New Motor Policy Selection Framework

In PR 889, we added a new layer to the the motor system and policy framework. Previously, the MotorSystem was configured with a single MotorPolicy. In order to allow Monty to dynamically choose its policy, we introduced the MotorPolicySelector protocol. Instead of a MotorPolicy, the MotorSystem is now configured with a single MotorPolicySelector, and it is the selector that is now expected to contain one or more policies.

For those of you who aren’t planning to work on policies in the near future, the most important thing to be aware of is how this changes experiment configurations. Our benchmark configs have been updated to use a SinglePolicySelectorconfigured with a single policy. You’ll likely need to make the same adjustment if you’re using older configs and want to merge main into your branch.

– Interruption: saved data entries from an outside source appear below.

(* Let $k\ge1$ be an integer. The expected number of fixed points of the permutation obtained by performing a $k$-riffle shuffle on $n$ cards followed by reversing the order of the cards is \[ 1-\frac{1}{k}+\frac{1}{k^2}-\cdots+\frac{(-1)^{n-1}}{k^{n-1}}.\]
   Context: A $k$-riffle shuffle on $n$ cards: cut the deck into $k$ consecutive piles of sizes $j_1,\dots,j_k$ with probability $\binom{n}{j_1,\dots,j_k}/k^n$, then drop cards one at a time, each time from a pile chosen with probability proportional to its current size. Reversing the order of the cards replaces the resulting permutation $w$ by $w\circ w_0$, $w_0(i)=n+1-i$. *)

theory Defs
  imports "HOL-Probability.Probability"
begin

definition cut_pmf :: "nat \<Rightarrow> nat \<Rightarrow> nat list pmf" where
  "cut_pmf k n = embed_pmf (\<lambda>js.
     if length js = k \<and> sum_list js = n
     then fact n / (\<Prod>j\<leftarrow>js. fact j) / real k ^ n else 0)"

fun cut_deck :: "nat list \<Rightarrow> 'a list \<Rightarrow> 'a list list" where
  "cut_deck [] xs = []"
| "cut_deck (j # js) xs = take j xs # cut_deck js (drop j xs)"

text \<open>Dropping m cards one at a time: a pile is chosen with probability
  proportional to its current size (choose a uniformly random card position
  among all remaining cards and use its pile); the next card of that pile is
  dropped as the next card of the resulting deck.\<close>
primrec drop_cards :: "nat \<Rightarrow> 'a list list \<Rightarrow> 'a list pmf" where
  "drop_cards 0 ps = return_pmf []"
| "drop_cards (Suc m) ps =
     bind_pmf (pmf_of_set {(i, j). i < length ps \<and> j < length (ps ! i)})
       (\<lambda>(i, j). map_pmf (\<lambda>r. hd (ps ! i) # r)
                         (drop_cards m (ps[i := tl (ps ! i)])))"

text \<open>The k-riffle shuffle of the deck [1,...,n]; result is the new deck,
  listed from top to bottom.\<close>
definition riffle_pmf :: "nat \<Rightarrow> nat \<Rightarrow> nat list pmf" where
  "riffle_pmf k n = bind_pmf (cut_pmf k n)
     (\<lambda>js. drop_cards n (cut_deck js [1..<n+1]))"

definition perm_of_deck :: "nat list \<Rightarrow> nat \<Rightarrow> nat" where
  "perm_of_deck d i = d ! (i - 1)"

definition w0 :: "nat \<Rightarrow> nat \<Rightarrow> nat" where
  "w0 n i = n + 1 - i"

definition num_fixed_points :: "nat \<Rightarrow> (nat \<Rightarrow> nat) \<Rightarrow> nat" where
  "num_fixed_points n w = card {i \<in> {1..n}. w i = i}"

end

(*
  Label each position of the shuffled deck by the pile its card came from. Cutting with
  multinomial probabilities and then dropping proportionally to pile sizes makes this label
  word uniform on {0..<k}^n: a word with letter counts js arises from the cut js with
  probability multinomial(js) / k^n, and then with probability 1 / multinomial(js). The card
  at position t is one more than the position of t in the stable sort of the word, so the
  expected number of fixed points after reversal is N(n) / k^n, where N(n) counts pairs of a
  word and a position t with rank + t + 1 = n. Deleting the letter at position t gives
  N(m+1) + N(m) = k^(m+1): for a word M of length m and a letter v, the quantity
  rank(M, v, t) + t grows in steps of 1 or 2 (2 exactly when M ! t = v), so it either hits m
  or jumps over m, and does so exactly once.
*)

theory Submission
  imports Defs
begin

section \<open>Stable ranks and the number of reversed fixed points\<close>

text \<open>If \<open>L ! t = v\<close>, this is the position (counting from 0) of entry \<open>t\<close> once \<open>L\<close> is
  sorted stably.\<close>
definition stable_rank :: "nat list \<Rightarrow> nat \<Rightarrow> nat \<Rightarrow> nat" where
  "stable_rank L v t = (\<Sum>a<v. count_list L a) + count_list (take t L) v"

lemma card_hit_or_skip:
  fixes f :: "nat \<Rightarrow> nat"
  assumes "\<And>t. t < m \<Longrightarrow> f (Suc t) = f t + (if b t then 2 else 1)"
    and "f 0 \<le> T" and "T \<le> f m"
  shows "card {t. t \<le> m \<and> f t = T} + card {t. t < m \<and> b t \<and> f t + 1 = T} = 1"
  using assms
proof (induction m)
  case 0
  then have "{t. t \<le> 0 \<and> f t = T} = {0}" by auto
  then show ?case by simp
next
  case (Suc m)
  have step: "f t < f (Suc t)" if "t \<le> m" for t
    using Suc.prems(1)[of t] that by simp
  have mono: "f t < f m'" if "t < m'" "m' \<le> Suc m" for t m'
    using that by (induction m') (auto simp: less_Suc_eq intro: less_trans step)
  show ?case
  proof (cases "T \<le> f m")
    case True
    have "{t. t \<le> Suc m \<and> f t = T} = {t. t \<le> m \<and> f t = T}"
      using mono[of m "Suc m"] True by (auto simp: le_Suc_eq)
    moreover have "{t. t < Suc m \<and> b t \<and> f t + 1 = T} = {t. t < m \<and> b t \<and> f t + 1 = T}"
      using True by (auto simp: less_Suc_eq)
    ultimately show ?thesis using Suc.IH Suc.prems True by simp
  next
    case False
    have "f t \<le> f m" if "t \<le> m" for t
      using mono[of t m] that by (cases "t = m") auto
    then have "{t. t \<le> Suc m \<and> f t = T} = (if f (Suc m) = T then {Suc m} else {})"
      using False by (force simp: le_Suc_eq)
    moreover have "{t. t < Suc m \<and> b t \<and> f t + 1 = T} = (if b m \<and> f m + 1 = T then {m} else {})"
      using mono[of _ m] False by (force simp: less_Suc_eq)
    ultimately show ?thesis using Suc.prems(1)[of m] Suc.prems(3) False by auto
  qed
qed

lemma count_list_take_less:
  assumes "t < length L"
  shows "count_list (take t L) (L ! t) < count_list L (L ! t)"
proof -
  have "count_list L (L ! t) = count_list (take t L) (L ! t) + count_list (drop t L) (L ! t)"
    by (metis append_take_drop_id count_list_append)
  moreover have "drop t L = L ! t # drop (Suc t) L"
    using assms by (rule Cons_nth_drop_Suc[symmetric])
  ultimately show ?thesis
    by simp
qed

lemma stable_rank_Suc:
  "t < length L \<Longrightarrow> stable_rank L v (Suc t) = stable_rank L v t + (if L ! t = v then 1 else 0)"
  by (simp add: stable_rank_def take_Suc_conv_app_nth)

lemma sum_count_list_lessThan_le: "(\<Sum>a<v. count_list L a) \<le> length (L :: nat list)"
proof -
  have "(\<Sum>a<v. count_list L a) \<le> (\<Sum>a\<in>{..<v} \<union> set L. count_list L a)"
    by (rule sum_mono2) auto
  also have "\<dots> = length L"
    by (rule sum_count_set) auto
  finally show ?thesis .
qed

lemma stable_rank_0_le: "stable_rank L v 0 \<le> length L"
  by (simp add: stable_rank_def sum_count_list_lessThan_le)

lemma stable_rank_less_length:
  assumes "t < length L"
  shows "stable_rank L (L ! t) t < length L"
proof -
  have "count_list (take t L) (L ! t) < count_list L (L ! t)"
    using assms by (simp add: count_list_take_less)
  then have "stable_rank L (L ! t) t < (\<Sum>a<Suc (L ! t). count_list L a)"
    by (simp add: stable_rank_def)
  also have "\<dots> \<le> length L"
    by (rule sum_count_list_lessThan_le)
  finally show ?thesis .
qed

lemma card_stable_rank_hit_or_skip:
  assumes "length M = m"
  shows "card {t. t \<le> m \<and> stable_rank M v t + t = m}
       + card {t. t < m \<and> M ! t = v \<and> stable_rank M v t + t + 1 = m} = 1"
proof (rule card_hit_or_skip[where f = "\<lambda>t. stable_rank M v t + t" and b = "\<lambda>t. M ! t = v"])
  show "stable_rank M v (Suc t) + Suc t = stable_rank M v t + t + (if M ! t = v then 2 else 1)"
    if "t < m" for t
    using stable_rank_Suc[of t M v] that assms by simp
  show "stable_rank M v 0 + 0 \<le> m"
    using stable_rank_0_le[of M v] assms by simp
qed simp

definition words :: "nat \<Rightarrow> nat \<Rightarrow> nat list set" where
  "words k n = {L. set L \<subseteq> {..<k} \<and> length L = n}"

lemma finite_words: "finite (words k n)"
  unfolding words_def by (rule finite_lists_length_eq) simp

lemma card_words: "card (words k n) = k ^ n"
  unfolding words_def using card_lists_length_eq[of "{..<k}" n] by simp

lemma words_nonempty: "k \<ge> 1 \<Longrightarrow> words k n \<noteq> {}"
  using card_words[of k n] by auto

lemma nth_less_if_words: "L \<in> words k n \<Longrightarrow> t < n \<Longrightarrow> L ! t < k"
  unfolding words_def by (metis (mono_tags, lifting) lessThan_iff mem_Collect_eq nth_mem subset_iff)

definition insert_at :: "nat \<Rightarrow> 'a \<Rightarrow> 'a list \<Rightarrow> 'a list" where
  "insert_at t v M = take t M @ v # drop t M"

definition delete_at :: "nat \<Rightarrow> 'a list \<Rightarrow> 'a list" where
  "delete_at t L = take t L @ drop (Suc t) L"

lemma nth_insert_at: "t \<le> length M \<Longrightarrow> insert_at t v M ! t = v"
  by (simp add: insert_at_def nth_append)

lemma delete_at_insert_at: "t \<le> length M \<Longrightarrow> delete_at t (insert_at t v M) = M"
  by (simp add: insert_at_def delete_at_def)

lemma insert_at_delete_at: "t < length L \<Longrightarrow> insert_at t (L ! t) (delete_at t L) = L"
  by (simp add: insert_at_def delete_at_def min_def id_take_nth_drop[symmetric])

lemma insert_at_in_words:
  "M \<in> words k m \<Longrightarrow> v < k \<Longrightarrow> t \<le> m \<Longrightarrow> insert_at t v M \<in> words k (Suc m)"
  using set_take_subset[of t M] set_drop_subset[of t M] by (auto simp: words_def insert_at_def)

Beyond that, you can look forward to more elaborate usages in the near future. We are currently working on a new policy meant to handle goals originating from the SalienceSM sensor module. At the same time, we’ll be adding a policy selector that can use this new policy for SM-derived goals and use a different policy for LM-derived goals.

2 Likes

We’ve made an update to how motor system, motor policies, and motor policy selector interact in refactor!: policy selector calls policy by scottcanoe · Pull Request #915 · thousandbrainsproject/tbp.monty · GitHub.

Motor policies are now encapsulated inside motor policy selectors. The motor system invokes the motor policy selector, which, in turn, invokes policies and returns an appropriate motor policy result to the motor system.